Exactly the lines from the start of the data through the line containing "using image_h_snd by" should be output, with both ends kept and nothing added.

━━━━━ Provided records ━━━━━

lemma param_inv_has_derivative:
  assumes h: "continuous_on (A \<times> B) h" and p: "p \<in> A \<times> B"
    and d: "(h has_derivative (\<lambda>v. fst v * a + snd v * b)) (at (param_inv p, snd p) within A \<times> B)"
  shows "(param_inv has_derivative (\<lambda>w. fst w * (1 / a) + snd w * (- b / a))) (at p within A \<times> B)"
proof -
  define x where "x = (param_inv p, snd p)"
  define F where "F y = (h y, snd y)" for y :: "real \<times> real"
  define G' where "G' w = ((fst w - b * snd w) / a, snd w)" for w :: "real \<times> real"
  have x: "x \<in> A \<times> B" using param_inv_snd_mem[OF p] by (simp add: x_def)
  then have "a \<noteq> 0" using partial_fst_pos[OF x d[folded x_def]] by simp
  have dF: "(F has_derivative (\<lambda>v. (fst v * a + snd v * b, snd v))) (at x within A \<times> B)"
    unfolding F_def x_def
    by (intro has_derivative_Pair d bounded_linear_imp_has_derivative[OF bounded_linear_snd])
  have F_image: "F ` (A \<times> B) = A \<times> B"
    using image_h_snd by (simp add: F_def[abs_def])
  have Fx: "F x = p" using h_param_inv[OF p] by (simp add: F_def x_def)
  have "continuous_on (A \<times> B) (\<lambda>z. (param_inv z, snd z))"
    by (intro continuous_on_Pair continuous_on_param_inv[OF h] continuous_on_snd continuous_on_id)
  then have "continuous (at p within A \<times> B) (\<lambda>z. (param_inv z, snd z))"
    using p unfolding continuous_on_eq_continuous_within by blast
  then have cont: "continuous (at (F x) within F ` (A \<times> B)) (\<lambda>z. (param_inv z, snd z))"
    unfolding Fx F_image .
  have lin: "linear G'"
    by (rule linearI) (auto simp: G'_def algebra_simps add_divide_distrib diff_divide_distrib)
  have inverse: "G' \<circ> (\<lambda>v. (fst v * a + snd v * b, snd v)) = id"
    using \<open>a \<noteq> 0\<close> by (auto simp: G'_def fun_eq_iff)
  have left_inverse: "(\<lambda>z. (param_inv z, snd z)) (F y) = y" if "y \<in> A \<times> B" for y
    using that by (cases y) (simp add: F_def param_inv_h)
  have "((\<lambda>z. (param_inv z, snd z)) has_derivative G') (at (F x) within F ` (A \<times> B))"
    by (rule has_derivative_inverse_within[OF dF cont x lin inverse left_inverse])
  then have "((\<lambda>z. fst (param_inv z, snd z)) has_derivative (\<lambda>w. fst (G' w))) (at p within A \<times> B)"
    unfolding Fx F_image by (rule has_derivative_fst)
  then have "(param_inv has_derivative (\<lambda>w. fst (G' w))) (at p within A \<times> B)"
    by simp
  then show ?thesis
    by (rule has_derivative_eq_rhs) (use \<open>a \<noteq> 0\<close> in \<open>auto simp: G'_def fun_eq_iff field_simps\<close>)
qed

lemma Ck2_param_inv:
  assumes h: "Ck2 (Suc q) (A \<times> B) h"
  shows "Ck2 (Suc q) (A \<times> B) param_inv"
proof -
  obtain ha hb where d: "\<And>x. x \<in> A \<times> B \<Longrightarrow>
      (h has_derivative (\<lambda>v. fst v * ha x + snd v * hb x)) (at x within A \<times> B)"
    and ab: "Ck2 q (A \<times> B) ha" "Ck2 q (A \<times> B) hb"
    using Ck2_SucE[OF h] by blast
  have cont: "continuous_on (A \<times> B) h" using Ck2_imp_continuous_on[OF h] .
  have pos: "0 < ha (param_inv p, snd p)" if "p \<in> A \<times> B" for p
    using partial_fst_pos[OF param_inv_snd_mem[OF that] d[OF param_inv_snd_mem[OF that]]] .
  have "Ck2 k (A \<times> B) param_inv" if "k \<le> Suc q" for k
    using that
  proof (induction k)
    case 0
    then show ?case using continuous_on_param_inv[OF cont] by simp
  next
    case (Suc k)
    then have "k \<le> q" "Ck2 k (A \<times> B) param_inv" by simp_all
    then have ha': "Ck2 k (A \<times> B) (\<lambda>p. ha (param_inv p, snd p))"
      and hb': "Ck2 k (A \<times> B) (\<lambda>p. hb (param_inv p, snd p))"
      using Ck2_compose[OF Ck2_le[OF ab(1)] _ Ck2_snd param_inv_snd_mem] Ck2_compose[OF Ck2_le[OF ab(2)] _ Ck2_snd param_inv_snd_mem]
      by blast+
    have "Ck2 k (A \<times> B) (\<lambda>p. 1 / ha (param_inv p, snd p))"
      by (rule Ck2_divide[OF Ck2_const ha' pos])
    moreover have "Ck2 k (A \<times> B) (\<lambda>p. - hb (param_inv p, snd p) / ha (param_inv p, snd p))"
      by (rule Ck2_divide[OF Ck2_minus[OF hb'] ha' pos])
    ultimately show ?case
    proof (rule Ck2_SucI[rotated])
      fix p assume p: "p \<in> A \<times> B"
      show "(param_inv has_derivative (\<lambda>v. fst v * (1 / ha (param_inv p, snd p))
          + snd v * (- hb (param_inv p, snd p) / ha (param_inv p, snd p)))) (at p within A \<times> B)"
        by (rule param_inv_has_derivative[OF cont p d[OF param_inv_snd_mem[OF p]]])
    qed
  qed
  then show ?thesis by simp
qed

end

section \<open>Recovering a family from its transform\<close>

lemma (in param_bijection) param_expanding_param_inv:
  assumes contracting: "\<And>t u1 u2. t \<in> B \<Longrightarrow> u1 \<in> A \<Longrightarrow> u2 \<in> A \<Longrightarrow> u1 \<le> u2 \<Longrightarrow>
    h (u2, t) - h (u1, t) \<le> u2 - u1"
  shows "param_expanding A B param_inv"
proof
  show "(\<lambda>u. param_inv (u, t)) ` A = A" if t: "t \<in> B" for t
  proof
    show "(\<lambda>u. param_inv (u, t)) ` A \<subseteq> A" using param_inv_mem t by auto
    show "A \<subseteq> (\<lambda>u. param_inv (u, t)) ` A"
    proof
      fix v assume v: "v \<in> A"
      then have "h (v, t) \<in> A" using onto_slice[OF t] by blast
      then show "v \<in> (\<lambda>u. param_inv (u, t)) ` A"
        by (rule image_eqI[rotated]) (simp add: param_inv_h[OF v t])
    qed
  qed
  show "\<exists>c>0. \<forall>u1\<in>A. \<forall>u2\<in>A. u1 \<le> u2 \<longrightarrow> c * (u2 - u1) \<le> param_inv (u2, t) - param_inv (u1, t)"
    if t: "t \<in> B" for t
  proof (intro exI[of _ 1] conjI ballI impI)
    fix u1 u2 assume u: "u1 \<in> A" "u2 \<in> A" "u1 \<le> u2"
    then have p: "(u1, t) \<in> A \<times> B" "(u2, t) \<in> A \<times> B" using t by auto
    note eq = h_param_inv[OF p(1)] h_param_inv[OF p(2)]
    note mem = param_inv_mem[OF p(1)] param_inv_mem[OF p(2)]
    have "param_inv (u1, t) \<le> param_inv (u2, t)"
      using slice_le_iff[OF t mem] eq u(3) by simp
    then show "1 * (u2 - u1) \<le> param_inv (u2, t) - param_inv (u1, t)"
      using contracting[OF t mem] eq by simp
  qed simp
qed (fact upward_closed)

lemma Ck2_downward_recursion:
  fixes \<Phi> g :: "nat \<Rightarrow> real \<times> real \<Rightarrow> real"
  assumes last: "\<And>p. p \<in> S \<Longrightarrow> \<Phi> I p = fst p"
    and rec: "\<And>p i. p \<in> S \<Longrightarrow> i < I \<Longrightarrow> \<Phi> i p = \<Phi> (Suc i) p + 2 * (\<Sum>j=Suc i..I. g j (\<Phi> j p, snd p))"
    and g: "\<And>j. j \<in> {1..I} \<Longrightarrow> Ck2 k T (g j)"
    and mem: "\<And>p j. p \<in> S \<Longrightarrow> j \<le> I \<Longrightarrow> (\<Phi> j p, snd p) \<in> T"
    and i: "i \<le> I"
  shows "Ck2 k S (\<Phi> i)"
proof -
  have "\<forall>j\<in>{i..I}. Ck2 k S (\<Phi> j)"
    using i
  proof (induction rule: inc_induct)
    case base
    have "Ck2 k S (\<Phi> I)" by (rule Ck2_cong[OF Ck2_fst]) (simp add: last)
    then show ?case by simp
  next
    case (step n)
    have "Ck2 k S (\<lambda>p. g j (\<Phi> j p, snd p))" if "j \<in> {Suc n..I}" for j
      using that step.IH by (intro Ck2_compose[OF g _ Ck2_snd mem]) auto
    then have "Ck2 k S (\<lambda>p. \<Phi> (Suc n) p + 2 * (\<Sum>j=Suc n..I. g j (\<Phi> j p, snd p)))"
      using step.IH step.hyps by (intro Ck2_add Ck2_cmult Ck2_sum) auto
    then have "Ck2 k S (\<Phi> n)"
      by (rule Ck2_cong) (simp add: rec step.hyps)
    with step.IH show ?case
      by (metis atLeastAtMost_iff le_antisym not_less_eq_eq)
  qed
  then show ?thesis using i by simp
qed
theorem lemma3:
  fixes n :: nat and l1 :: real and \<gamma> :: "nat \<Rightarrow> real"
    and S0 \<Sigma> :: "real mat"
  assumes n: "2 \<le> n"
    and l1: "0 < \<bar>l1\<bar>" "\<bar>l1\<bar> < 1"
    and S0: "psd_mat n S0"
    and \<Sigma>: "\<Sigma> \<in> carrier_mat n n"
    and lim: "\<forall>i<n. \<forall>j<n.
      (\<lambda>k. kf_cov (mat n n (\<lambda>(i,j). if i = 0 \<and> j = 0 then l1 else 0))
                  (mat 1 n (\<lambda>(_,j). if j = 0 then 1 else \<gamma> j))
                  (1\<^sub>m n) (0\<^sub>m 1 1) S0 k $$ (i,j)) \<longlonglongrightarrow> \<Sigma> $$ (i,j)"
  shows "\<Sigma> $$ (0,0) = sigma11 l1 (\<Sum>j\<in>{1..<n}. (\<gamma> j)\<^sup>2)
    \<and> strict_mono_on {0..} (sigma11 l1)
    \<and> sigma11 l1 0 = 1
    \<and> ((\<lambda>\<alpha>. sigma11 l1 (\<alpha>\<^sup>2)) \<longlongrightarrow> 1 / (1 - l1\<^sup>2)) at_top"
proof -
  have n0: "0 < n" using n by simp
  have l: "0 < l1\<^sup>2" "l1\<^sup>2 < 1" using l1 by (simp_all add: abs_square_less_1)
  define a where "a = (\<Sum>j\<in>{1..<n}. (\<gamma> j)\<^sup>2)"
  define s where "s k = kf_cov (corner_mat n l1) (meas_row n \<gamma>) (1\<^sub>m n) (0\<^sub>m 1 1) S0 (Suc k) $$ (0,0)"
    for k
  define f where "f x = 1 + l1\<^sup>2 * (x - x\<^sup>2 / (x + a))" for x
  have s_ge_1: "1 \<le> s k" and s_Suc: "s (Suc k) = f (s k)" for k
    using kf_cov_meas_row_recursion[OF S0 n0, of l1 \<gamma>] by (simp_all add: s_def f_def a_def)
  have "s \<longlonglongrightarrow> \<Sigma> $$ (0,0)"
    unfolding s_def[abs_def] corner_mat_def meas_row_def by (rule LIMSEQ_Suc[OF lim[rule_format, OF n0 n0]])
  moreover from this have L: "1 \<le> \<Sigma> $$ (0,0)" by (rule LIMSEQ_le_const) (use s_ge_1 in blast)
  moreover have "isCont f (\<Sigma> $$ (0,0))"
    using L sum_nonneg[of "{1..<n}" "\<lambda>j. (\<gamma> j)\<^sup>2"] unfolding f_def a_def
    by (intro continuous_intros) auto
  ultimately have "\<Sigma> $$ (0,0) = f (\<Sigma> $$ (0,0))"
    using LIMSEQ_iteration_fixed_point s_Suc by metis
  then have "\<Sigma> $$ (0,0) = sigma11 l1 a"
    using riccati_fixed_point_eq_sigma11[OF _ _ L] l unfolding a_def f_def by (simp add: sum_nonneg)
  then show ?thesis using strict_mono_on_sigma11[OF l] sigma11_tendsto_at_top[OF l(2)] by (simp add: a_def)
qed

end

━━━━━

### Solution to this task:
lemma param_inv_has_derivative:
  assumes h: "continuous_on (A \<times> B) h" and p: "p \<in> A \<times> B"
    and d: "(h has_derivative (\<lambda>v. fst v * a + snd v * b)) (at (param_inv p, snd p) within A \<times> B)"
  shows "(param_inv has_derivative (\<lambda>w. fst w * (1 / a) + snd w * (- b / a))) (at p within A \<times> B)"
proof -
  define x where "x = (param_inv p, snd p)"
  define F where "F y = (h y, snd y)" for y :: "real \<times> real"
  define G' where "G' w = ((fst w - b * snd w) / a, snd w)" for w :: "real \<times> real"
  have x: "x \<in> A \<times> B" using param_inv_snd_mem[OF p] by (simp add: x_def)
  then have "a \<noteq> 0" using partial_fst_pos[OF x d[folded x_def]] by simp
  have dF: "(F has_derivative (\<lambda>v. (fst v * a + snd v * b, snd v))) (at x within A \<times> B)"
    unfolding F_def x_def
    by (intro has_derivative_Pair d bounded_linear_imp_has_derivative[OF bounded_linear_snd])
  have F_image: "F ` (A \<times> B) = A \<times> B"
    using image_h_snd by (simp add: F_def[abs_def])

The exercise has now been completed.